_Problem description_: Every line of the records that holds the word "definition" should be copied out.
Material provided START
(* Let $\mathcal{A}=(a_i)_{i=1}^\infty$ be a weakly increasing sequence of positive integers, $r$ a positive integer and $k>2r$. Suppose that $\gcd A=1$ for all $(k-2r)$-multisubsets $A$ of $\{a_1,\ldots,a_k\}$. Then the sequence $(p_\mathcal{A}(n,k))_{n\ge0}$ is asymptotically $r$-log-concave.
   Context: The restricted partition function $p_\mathcal{A}(n,k)$ is defined by $\sum_{n\ge0}p_\mathcal{A}(n,k)x^n=\prod_{i=1}^k(1-x^{a_i})^{-1}$ (partitions of $n$ with parts in the multiset $\{a_1,\ldots,a_k\}$, equal values with different indices counting as distinct colors). A $j$-multisubset of $\{a_1,\ldots,a_k\}$ is a sub-multiset obtained by choosing $j$ of the $k$ indices. For a real sequence $\omega=(w_i)_{i\ge0}$ define $\widehat{\mathcal L}\omega=(w_{i+1}^2-w_iw_{i+2})_{i\ge0}$ and $\widehat{\mathcal L}^j\omega=\widehat{\mathcal L}(\widehat{\mathcal L}^{j-1}\omega)$. The sequence $\omega$ is asymptotically $r$-log-concave if there is $N$ such that $(\widehat{\mathcal L}^j\omega)_i>0$ for all $j\in\{1,\ldots,r\}$ and all $i\geq N$. *)

theory Defs
  imports "HOL-Computational_Algebra.Formal_Power_Series"
begin

definition p_A :: "(nat \<Rightarrow> nat) \<Rightarrow> nat \<Rightarrow> nat \<Rightarrow> real" where
  "p_A a k n = fps_nth (\<Prod>i\<in>{1..k}. inverse (1 - fps_X ^ a i) :: real fps) n"

definition L_hat :: "(nat \<Rightarrow> real) \<Rightarrow> (nat \<Rightarrow> real)" where
  "L_hat w = (\<lambda>i. (w (i+1))^2 - w i * w (i+2))"

definition asymp_r_log_concave :: "nat \<Rightarrow> (nat \<Rightarrow> real) \<Rightarrow> bool" where
  "asymp_r_log_concave r w \<longleftrightarrow>
     (\<exists>N. \<forall>j\<in>{1..r}. \<forall>i\<ge>N. (L_hat ^^ j) w i > 0)"

end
Material provided END
_Solution to the exercise_:
definition p_A :: "(nat \<Rightarrow> nat) \<Rightarrow> nat \<Rightarrow> nat \<Rightarrow> real" where
definition L_hat :: "(nat \<Rightarrow> real) \<Rightarrow> (nat \<Rightarrow> real)" where
definition asymp_r_log_concave :: "nat \<Rightarrow> (nat \<Rightarrow> real) \<Rightarrow> bool" where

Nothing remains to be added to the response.